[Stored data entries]

****

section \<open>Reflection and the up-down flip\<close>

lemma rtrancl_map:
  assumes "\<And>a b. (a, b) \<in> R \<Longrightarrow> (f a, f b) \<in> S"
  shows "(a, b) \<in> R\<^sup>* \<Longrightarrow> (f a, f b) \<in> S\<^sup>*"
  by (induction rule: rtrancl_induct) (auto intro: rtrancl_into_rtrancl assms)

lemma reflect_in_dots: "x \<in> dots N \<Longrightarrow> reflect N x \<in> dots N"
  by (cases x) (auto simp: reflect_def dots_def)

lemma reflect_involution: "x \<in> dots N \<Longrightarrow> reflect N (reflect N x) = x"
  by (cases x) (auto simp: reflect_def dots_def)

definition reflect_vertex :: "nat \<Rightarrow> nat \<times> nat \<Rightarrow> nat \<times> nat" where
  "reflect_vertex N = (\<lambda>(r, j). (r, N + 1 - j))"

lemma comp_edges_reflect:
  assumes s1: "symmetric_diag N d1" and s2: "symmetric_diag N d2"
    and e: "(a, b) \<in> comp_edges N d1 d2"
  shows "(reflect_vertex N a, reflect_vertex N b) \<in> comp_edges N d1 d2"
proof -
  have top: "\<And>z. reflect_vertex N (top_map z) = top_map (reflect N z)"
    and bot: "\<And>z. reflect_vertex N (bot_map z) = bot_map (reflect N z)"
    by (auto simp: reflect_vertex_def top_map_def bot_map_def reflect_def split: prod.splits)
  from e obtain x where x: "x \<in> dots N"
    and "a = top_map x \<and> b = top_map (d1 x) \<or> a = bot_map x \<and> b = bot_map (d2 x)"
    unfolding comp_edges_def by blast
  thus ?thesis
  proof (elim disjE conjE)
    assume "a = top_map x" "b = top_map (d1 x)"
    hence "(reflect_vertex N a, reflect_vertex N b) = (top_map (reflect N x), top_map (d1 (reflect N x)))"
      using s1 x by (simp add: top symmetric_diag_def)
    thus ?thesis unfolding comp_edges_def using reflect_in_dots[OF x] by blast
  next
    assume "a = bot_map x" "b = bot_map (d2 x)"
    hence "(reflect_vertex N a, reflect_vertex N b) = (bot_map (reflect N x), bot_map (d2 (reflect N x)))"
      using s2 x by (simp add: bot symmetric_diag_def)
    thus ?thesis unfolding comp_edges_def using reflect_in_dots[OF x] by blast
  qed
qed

****

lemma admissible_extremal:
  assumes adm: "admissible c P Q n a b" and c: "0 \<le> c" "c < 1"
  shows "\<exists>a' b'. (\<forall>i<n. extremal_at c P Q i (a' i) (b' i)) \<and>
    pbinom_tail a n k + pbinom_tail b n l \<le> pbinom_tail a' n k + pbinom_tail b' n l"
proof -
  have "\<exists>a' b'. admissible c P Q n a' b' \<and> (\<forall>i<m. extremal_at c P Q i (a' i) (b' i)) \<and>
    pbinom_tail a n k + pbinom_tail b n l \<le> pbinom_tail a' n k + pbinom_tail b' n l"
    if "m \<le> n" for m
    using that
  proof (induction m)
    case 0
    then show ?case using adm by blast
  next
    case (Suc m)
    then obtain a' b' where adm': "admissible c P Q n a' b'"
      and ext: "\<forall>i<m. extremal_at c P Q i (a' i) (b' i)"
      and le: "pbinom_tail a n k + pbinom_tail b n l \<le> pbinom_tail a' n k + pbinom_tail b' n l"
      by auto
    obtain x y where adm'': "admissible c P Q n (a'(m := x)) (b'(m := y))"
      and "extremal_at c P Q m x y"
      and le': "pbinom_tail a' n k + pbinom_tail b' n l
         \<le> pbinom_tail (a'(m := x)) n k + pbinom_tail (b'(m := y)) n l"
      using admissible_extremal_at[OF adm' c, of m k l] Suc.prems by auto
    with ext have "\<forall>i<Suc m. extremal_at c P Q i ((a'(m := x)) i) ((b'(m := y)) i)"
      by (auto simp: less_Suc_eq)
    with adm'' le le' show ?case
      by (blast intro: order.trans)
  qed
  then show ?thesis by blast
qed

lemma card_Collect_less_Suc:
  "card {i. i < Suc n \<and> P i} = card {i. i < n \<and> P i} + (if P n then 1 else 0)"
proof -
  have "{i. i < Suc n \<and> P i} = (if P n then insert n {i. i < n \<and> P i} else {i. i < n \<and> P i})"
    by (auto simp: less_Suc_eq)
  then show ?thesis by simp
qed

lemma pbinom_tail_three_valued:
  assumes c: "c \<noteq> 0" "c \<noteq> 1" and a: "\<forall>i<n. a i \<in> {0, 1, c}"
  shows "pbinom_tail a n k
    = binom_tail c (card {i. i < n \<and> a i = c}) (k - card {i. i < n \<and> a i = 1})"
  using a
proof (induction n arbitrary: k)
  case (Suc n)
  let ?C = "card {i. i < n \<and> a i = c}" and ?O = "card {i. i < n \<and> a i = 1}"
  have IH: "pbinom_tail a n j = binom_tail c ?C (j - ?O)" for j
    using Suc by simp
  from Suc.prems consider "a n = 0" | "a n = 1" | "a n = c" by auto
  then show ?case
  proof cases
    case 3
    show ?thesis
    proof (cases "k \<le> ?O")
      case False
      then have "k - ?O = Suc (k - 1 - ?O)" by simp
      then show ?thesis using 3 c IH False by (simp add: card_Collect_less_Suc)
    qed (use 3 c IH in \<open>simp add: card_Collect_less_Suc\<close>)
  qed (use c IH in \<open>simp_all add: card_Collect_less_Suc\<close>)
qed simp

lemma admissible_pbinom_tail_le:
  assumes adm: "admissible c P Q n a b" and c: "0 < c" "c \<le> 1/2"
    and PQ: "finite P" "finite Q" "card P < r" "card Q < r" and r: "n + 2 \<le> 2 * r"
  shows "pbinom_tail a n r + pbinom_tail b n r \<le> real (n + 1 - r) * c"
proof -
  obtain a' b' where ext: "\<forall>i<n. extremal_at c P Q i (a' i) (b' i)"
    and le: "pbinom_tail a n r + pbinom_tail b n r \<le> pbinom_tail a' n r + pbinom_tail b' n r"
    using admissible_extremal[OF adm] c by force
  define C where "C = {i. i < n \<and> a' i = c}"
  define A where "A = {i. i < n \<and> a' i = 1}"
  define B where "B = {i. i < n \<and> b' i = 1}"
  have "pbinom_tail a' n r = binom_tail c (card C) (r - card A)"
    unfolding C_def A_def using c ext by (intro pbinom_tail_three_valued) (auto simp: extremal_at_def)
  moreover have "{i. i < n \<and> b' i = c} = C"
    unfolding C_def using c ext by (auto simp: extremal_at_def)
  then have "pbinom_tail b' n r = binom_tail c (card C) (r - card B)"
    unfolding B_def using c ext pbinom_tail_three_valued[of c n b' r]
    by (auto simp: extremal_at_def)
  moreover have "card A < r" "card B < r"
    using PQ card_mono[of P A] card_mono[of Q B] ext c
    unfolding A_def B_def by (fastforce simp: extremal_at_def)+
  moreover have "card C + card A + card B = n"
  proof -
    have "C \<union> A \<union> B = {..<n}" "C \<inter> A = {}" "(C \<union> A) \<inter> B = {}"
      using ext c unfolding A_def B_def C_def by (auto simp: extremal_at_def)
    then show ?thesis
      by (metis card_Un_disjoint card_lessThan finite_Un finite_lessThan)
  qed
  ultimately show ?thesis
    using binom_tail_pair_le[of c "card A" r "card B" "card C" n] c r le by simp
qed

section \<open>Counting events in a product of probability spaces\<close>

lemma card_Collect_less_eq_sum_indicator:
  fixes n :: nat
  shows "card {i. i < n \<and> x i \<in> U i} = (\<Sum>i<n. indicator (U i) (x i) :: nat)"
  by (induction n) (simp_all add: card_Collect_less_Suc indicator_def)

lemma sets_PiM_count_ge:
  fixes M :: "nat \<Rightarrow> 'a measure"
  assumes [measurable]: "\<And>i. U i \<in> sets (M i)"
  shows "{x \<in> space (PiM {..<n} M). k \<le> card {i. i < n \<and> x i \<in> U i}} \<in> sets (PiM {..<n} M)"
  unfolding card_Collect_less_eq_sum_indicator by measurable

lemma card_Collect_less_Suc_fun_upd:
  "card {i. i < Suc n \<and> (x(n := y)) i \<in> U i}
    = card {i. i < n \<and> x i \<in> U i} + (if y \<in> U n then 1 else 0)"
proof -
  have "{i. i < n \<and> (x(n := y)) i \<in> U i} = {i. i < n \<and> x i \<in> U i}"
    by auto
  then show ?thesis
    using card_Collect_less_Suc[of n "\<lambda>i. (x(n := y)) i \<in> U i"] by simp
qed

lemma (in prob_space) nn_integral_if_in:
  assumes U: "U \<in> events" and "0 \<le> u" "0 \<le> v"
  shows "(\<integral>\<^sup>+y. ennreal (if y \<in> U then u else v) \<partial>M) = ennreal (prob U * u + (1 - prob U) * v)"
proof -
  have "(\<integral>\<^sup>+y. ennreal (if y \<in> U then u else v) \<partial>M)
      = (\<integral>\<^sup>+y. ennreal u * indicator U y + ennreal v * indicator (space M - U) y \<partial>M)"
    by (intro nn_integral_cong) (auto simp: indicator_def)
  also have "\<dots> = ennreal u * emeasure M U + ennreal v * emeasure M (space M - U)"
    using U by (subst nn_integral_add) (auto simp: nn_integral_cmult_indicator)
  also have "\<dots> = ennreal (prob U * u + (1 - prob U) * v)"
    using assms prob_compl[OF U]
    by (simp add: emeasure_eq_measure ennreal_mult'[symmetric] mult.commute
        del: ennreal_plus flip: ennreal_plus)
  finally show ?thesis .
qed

****

Description of the task: An exact, complete copy of the lines above from the one with "case (Suc n)" through the one with "qed (use 3 c" is the whole answer.

Reply:
  case (Suc n)
  let ?C = "card {i. i < n \<and> a i = c}" and ?O = "card {i. i < n \<and> a i = 1}"
  have IH: "pbinom_tail a n j = binom_tail c ?C (j - ?O)" for j
    using Suc by simp
  from Suc.prems consider "a n = 0" | "a n = 1" | "a n = c" by auto
  then show ?case
  proof cases
    case 3
    show ?thesis
    proof (cases "k \<le> ?O")
      case False
      then have "k - ?O = Suc (k - 1 - ?O)" by simp
      then show ?thesis using 3 c IH False by (simp add: card_Collect_less_Suc)
    qed (use 3 c IH in \<open>simp add: card_Collect_less_Suc\<close>)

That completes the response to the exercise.